En este sentido está inserta en el misterio del primado papal –y esto está presente en Pastor Æternus– una constitutiva tensión entre la razón formal de la potestad (que pone a esta límites inmanentes) y la amplitud fáctica de sus contenidos materiales (Papa omnia potest); una tensión que no puede resolverse jurídicamente [57]. Desde una eclesiología que pone su centro en la communio, el diálogo del Obispo de Roma con los otros Obispos, basado en la fraternidad sacramental y colegial del Corpus Episcoporum, es la sede propia, el ámbito connatural para contrastar, ante las cuestiones concretas, qué contenidos materiales concretos de la potestad suprema del Papa son los que han de ponerse en juego según la razón formal del primado, es decir, para un verdadero servicio del Sucesor de Pedro a la comunión en la fe de los Obispos y de las Iglesias.

NOTAS

[54] La potestad (en su sentido jurídico: de jurisdicción) es una dimensión segunda –no digo secundaria– respecto de la exousia-potestas que es en la Iglesia inmanente a la episkopé del primado y de los demás obispos. La Declaración II de ARCIC sobre la Autoridad en la Iglesia (Windsor 1982) explica así esta terminología: «Se puede definir la jurisdicción en la Iglesia como la autoridad o poder (potestas) necesarios para el ejercicio de una función. En ambas comuniones se da para el cumplimiento efectivo de la función, y esto es lo que determina su ejercicio y sus límites» (n. 16). «Esta autoridad del Obispo, normalmente llamada jurisdicción, lleva consigo la responsabilidad de formular y llevar a la práctica las decisiones requeridas por su función para el bien de la koinonia. De igual manera, dentro de la koinonia universal y la colegialidad de los Obispos, también el Primado universal ejerce la jurisdicción necesaria para el cumplimiento de sus funciones, siendo la principal la de servir a la fe y a la unidad de la Iglesia en su conjunto» (n. 17). Textos en GM, I, pp. 64-67.

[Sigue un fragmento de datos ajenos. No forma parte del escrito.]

(* Let $\mathcal{H}_1,\mathcal{H}_2$ be finite-dimensional Hilbert spaces, $m$ a positive integer, and $\mathcal{O}^{(\mathrm{CP})}_{\mathrm{F}}(\mathcal{H}_1\to\mathcal{H}_2)\subseteq\mathcal{O}^{(\mathrm{CP})}(\mathcal{H}_1\to\mathcal{H}_2)$ a set of free completely positive trace-nonincreasing maps. Let $(\mathcal{E}_i)_{i=0}^{m-1}\in\mathcal{O}^{(m)}(\mathcal{H}_1\to\mathcal{H}_2)$ be a quantum instrument. Let $\mathcal{H}_3$ be an $m$-dimensional Hilbert space with orthonormal basis $\{|i\rangle\}_{i=0}^{m-1}$, and for an instrument $(\mathcal{E}_i)_i$ define the channel $\Lambda_{(\mathcal{E}_i)_i}\in\mathcal{O}(\mathcal{H}_1\to\mathcal{H}_3\otimes\mathcal{H}_2)$ by $\Lambda_{(\mathcal{E}_i)_i}(\rho)=\sum_{i=0}^{m-1}|i\rangle\langle i|\otimes\mathcal{E}_i(\rho)$. Let \[\mathcal{O}_{\mathrm{F}}=\Big\{\Lambda_{(\mathcal{E}'_i)_i}:\ \mathcal{E}'_i\in\mathcal{O}^{(\mathrm{CP})}_{\mathrm{F}}(\mathcal{H}_1\to\mathcal{H}_2)\ \forall i,\ \textstyle\sum_{i=0}^{m-1}\mathcal{E}'_i\in\mathcal{O}(\mathcal{H}_1\to\mathcal{H}_2)\Big\}.\] Then $R_{\mathcal{O}^{(\mathrm{CP})}_{\mathrm{F}}}((\mathcal{E}_i)_i)=R_{\mathcal{O}_{\mathrm{F}}}(\Lambda_{(\mathcal{E}_i)_i})$.
   Context: $\mathcal{O}(\mathcal{H}\to\mathcal{K})$ denotes quantum channels (CPTP maps) and $\mathcal{O}^{(\mathrm{CP})}(\mathcal{H}\to\mathcal{K})$ completely positive trace-nonincreasing maps. A quantum instrument with $m$ elements is a family $(\mathcal{E}_i)_{i=0}^{m-1}$ of maps in $\mathcal{O}^{(\mathrm{CP})}(\mathcal{H}_1\to\mathcal{H}_2)$ with $\sum_i\mathcal{E}_i\in\mathcal{O}(\mathcal{H}_1\to\mathcal{H}_2)$; the set of these is $\mathcal{O}^{(m)}(\mathcal{H}_1\to\mathcal{H}_2)$. Generalized robustness of an instrument: $R_{\mathcal{O}^{(\mathrm{CP})}_{\mathrm{F}}}((\mathcal{E}_i)_i)=\min\{s\ge0:\exists(\mathcal{G}_i)_i\in\mathcal{O}^{(m)}(\mathcal{H}_1\to\mathcal{H}_2),\ \frac{\mathcal{E}_i+s\mathcal{G}_i}{1+s}\in\mathcal{O}^{(\mathrm{CP})}_{\mathrm{F}}(\mathcal{H}_1\to\mathcal{H}_2)\ \forall i\}$. Generalized robustness of a channel $\Lambda$ with respect to a set $\mathcal{G}$ of channels from $\mathcal{H}_1$ to $\mathcal{H}_3\otimes\mathcal{H}_2$: $R_{\mathcal{G}}(\Lambda)=\min\{s\ge0:\exists\Theta\in\mathcal{O}(\mathcal{H}_1\to\mathcal{H}_3\otimes\mathcal{H}_2),\ \frac{\Lambda+s\Theta}{1+s}\in\mathcal{G}\}$. *)

theory Defs
  imports Complex_Main "HOL-Library.Extended_Real"
begin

[55] Vid. supra nuestra consideración del tema y en la bibliografía citada en nota 37 la problemática de los términos «ordinaria e inmediata» en los debates del Vaticano I.

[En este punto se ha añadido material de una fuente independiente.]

lemma rw_kernel_summable_scaleR:
  fixes B :: "int ^ 'd \<Rightarrow> 'b::banach"
  assumes "rw_kernel a" "\<And>w. norm (B w) \<le> M"
  shows "(\<lambda>w. a w *\<^sub>R B w) summable_on UNIV"
proof (rule abs_summable_summable)
  have "(\<lambda>w. \<bar>a w\<bar> * M) summable_on UNIV"
    using rw_kernel_abs_summable[OF assms(1)] by (rule summable_on_cmult_left)
  then show "(\<lambda>w. norm (a w *\<^sub>R B w)) summable_on UNIV"
    by (rule summable_on_comparison_test) (simp_all add: mult_left_mono assms(2))
qed

lemma symbol_has_sum:
  assumes "rw_kernel a"
  shows "((\<lambda>z. a z *\<^sub>R fourier_char \<theta> z) has_sum symbol a \<theta>) UNIV"
proof -
  have "(\<lambda>z. a z *\<^sub>R fourier_char \<theta> z) summable_on UNIV"
    by (rule rw_kernel_summable_scaleR[OF assms, of _ 1]) simp
  moreover have "symbol a \<theta> = (\<Sum>\<^sub>\<infinity>z. a z *\<^sub>R fourier_char \<theta> z)"
    unfolding symbol_def fourier_char_def by (simp add: scaleR_conv_of_real)
  ultimately show ?thesis by simp
qed

text \<open>The imaginary part of the symbol vanishes because \<open>a\<close> is even and \<open>sin\<close> is odd.\<close>

lemma Im_symbol:
  assumes "rw_kernel a"
  shows "Im (symbol a \<theta>) = 0"
proof -
  define f where "f z = a z * sin (ipz \<theta> z)" for z
  have f: "(f has_sum Im (symbol a \<theta>)) UNIV"
    unfolding f_def using has_sum_Im[OF symbol_has_sum[OF assms]] by (simp add: fourier_char_def Im_exp)
  have bij: "bij_betw uminus (UNIV :: (int ^ 'd) set) UNIV"
    by (rule bij_betwI[where g = uminus]) auto
  have "((\<lambda>z. f (- z)) has_sum Im (symbol a \<theta>)) UNIV"
    using has_sum_reindex_bij_betw[OF bij, of f] f by simp
  moreover have "f (- z) = - f z" for z
    using assms unfolding rw_kernel_def f_def by (metis ipz_uminus_right minus_mult_right sin_minus)
  ultimately have "(f has_sum - Im (symbol a \<theta>)) UNIV"
    using has_sum_uminus[where f = "\<lambda>z. - f z"] by simp
  from has_sum_unique[OF f this] show ?thesis by simp
qed

lemma Re_symbol_has_sum:
  assumes "rw_kernel a"
  shows "((\<lambda>z. a z * cos (ipz \<theta> z)) has_sum Re (symbol a \<theta>)) UNIV"
  using has_sum_Re[OF symbol_has_sum[OF assms]] by (simp add: fourier_char_def Re_exp)

lemma Re_symbol_nonpos:
  assumes "rw_kernel a"
  shows "Re (symbol a \<theta>) \<le> 0"
proof -
  have "a z * cos (ipz \<theta> z) \<le> a z" for z
    using assms mult_left_le[of "cos (ipz \<theta> z)" "a z"] unfolding rw_kernel_def
    by (cases "z = 0") auto
  then show ?thesis
    using has_sum_mono[OF Re_symbol_has_sum[OF assms] rw_kernel_has_sum[OF assms]] by auto
qed

lemma symbol_eq_of_real_Re:
  "rw_kernel a \<Longrightarrow> symbol a \<theta> = complex_of_real (Re (symbol a \<theta>))"
  using Im_symbol by (simp add: complex_eq_iff)

lemma symbol_uminus:
  assumes "rw_kernel a"
  shows "symbol a (- \<theta>) = symbol a \<theta>"
proof -
  have "Re (symbol a (- \<theta>)) = Re (symbol a \<theta>)"
    using Re_symbol_has_sum[OF assms, of "- \<theta>"] Re_symbol_has_sum[OF assms, of \<theta>]
    by (simp add: ipz_uminus_left has_sum_unique)
  then show ?thesis using symbol_eq_of_real_Re[OF assms] by metis
qed

lemma continuous_on_symbol:
  assumes "rw_kernel a"
  shows "continuous_on S (symbol a)"
proof -
  have "uniform_limit UNIV (\<lambda>F \<theta>. \<Sum>z\<in>F. a z *\<^sub>R fourier_char \<theta> z)
          (\<lambda>\<theta>. \<Sum>\<^sub>\<infinity>z. a z *\<^sub>R fourier_char \<theta> z) (finite_subsets_at_top UNIV)"
    by (rule Weierstrass_m_test_general[where M = "\<lambda>z. \<bar>a z\<bar>"])
       (simp_all add: rw_kernel_abs_summable[OF assms])
  then have "continuous_on UNIV (\<lambda>\<theta>. \<Sum>\<^sub>\<infinity>z. a z *\<^sub>R fourier_char \<theta> z)"
    by (rule uniform_limit_theorem[rotated])
       (auto intro!: always_eventually continuous_intros continuous_on_fourier_char
             simp: finite_subsets_at_top_neq_bot)
  moreover have "(\<lambda>\<theta>. \<Sum>\<^sub>\<infinity>z. a z *\<^sub>R fourier_char \<theta> z) = symbol a"
    using symbol_has_sum[OF assms] by (auto simp: fun_eq_iff infsumI)
  ultimately show ?thesis by (metis continuous_on_subset subset_UNIV)
qed

definition resolvent_symbol :: "(int ^ 'd \<Rightarrow> real) \<Rightarrow> real \<Rightarrow> real ^ 'd \<Rightarrow> complex" where
  "resolvent_symbol a lam \<theta> = 1 / (complex_of_real lam - symbol a \<theta>)"

lemma Re_lam_minus_symbol_ge:
  "rw_kernel a \<Longrightarrow> lam \<le> Re (complex_of_real lam - symbol a \<theta>)"
  using Re_symbol_nonpos by simp

lemma lam_minus_symbol_nonzero:
  "rw_kernel a \<Longrightarrow> lam > 0 \<Longrightarrow> complex_of_real lam - symbol a \<theta> \<noteq> 0"
  using Re_lam_minus_symbol_ge[of a lam \<theta>] by (metis not_le zero_complex.sel(1))

lemma resolvent_symbol_mult:
  "rw_kernel a \<Longrightarrow> lam > 0 \<Longrightarrow> resolvent_symbol a lam \<theta> * (complex_of_real lam - symbol a \<theta>) = 1"
  using lam_minus_symbol_nonzero by (simp add: resolvent_symbol_def)

lemma norm_resolvent_symbol_le:
  assumes "rw_kernel a" "lam > 0"
  shows "norm (resolvent_symbol a lam \<theta>) \<le> 1 / lam"
proof -
  have "lam \<le> norm (complex_of_real lam - symbol a \<theta>)"
    using Re_lam_minus_symbol_ge[OF assms(1)] complex_Re_le_cmod order_trans by blast
  then show ?thesis
    using assms(2) by (simp add: resolvent_symbol_def norm_divide frac_le)
qed

lemma cnj_resolvent_symbol:
  "rw_kernel a \<Longrightarrow> cnj (resolvent_symbol a lam \<theta>) = resolvent_symbol a lam (- \<theta>)"
  by (metis resolvent_symbol_def symbol_uminus symbol_eq_of_real_Re complex_cnj_complex_of_real
        complex_cnj_diff complex_cnj_divide complex_cnj_one)

lemma continuous_on_resolvent_symbol:
  "rw_kernel a \<Longrightarrow> lam > 0 \<Longrightarrow> continuous_on S (resolvent_symbol a lam)"
  unfolding resolvent_symbol_def
  by (intro continuous_intros continuous_on_symbol) (use lam_minus_symbol_nonzero in auto)


section \<open>Fourier analysis on the period box\<close>

abbreviation period_box :: "(real ^ 'd) set" where
  "period_box \<equiv> cbox (\<chi> k. - pi) (\<chi> k. pi)"

definition slab :: "'d \<Rightarrow> real \<Rightarrow> real \<Rightarrow> (real ^ 'd) set" where
  "slab k p q = cbox (\<chi> j. if j = k then p else - pi) (\<chi> j. if j = k then q else pi)"

lemma period_box_eq_slab: "period_box = slab k (- pi) pi"
  by (simp add: slab_def vec_eq_iff cong: if_cong)

lemma measure_period_box: "measure lborel (period_box :: (real ^ 'd) set) = (2 * pi) ^ CARD('d)"
proof -
  have "(0 :: real ^ 'd) \<in> period_box"
    by (simp add: mem_box_cart)
  then have "period_box \<noteq> ({} :: (real ^ 'd) set)" by blast
  then show ?thesis by (simp add: content_cbox_cart)
qed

[56] P. GRANFIELD, The limits of the Papacy, Nueva York 1987, pp. 68-76.

[57] Este es el sentido teológico de la vieja doctrina canónica que va desde el citado axioma medieval «prima sedes a nemine iudicatur» hasta el can. 333 § 3 del CIC {1983}: «Contra sententiam vel decretum Romani Pontificis non datur appellatio» {cf. CIC 1917, can. 228 § 2: «A sententia Romani Pontificis non datur ad Concilium Oecumenicum appellatio»}.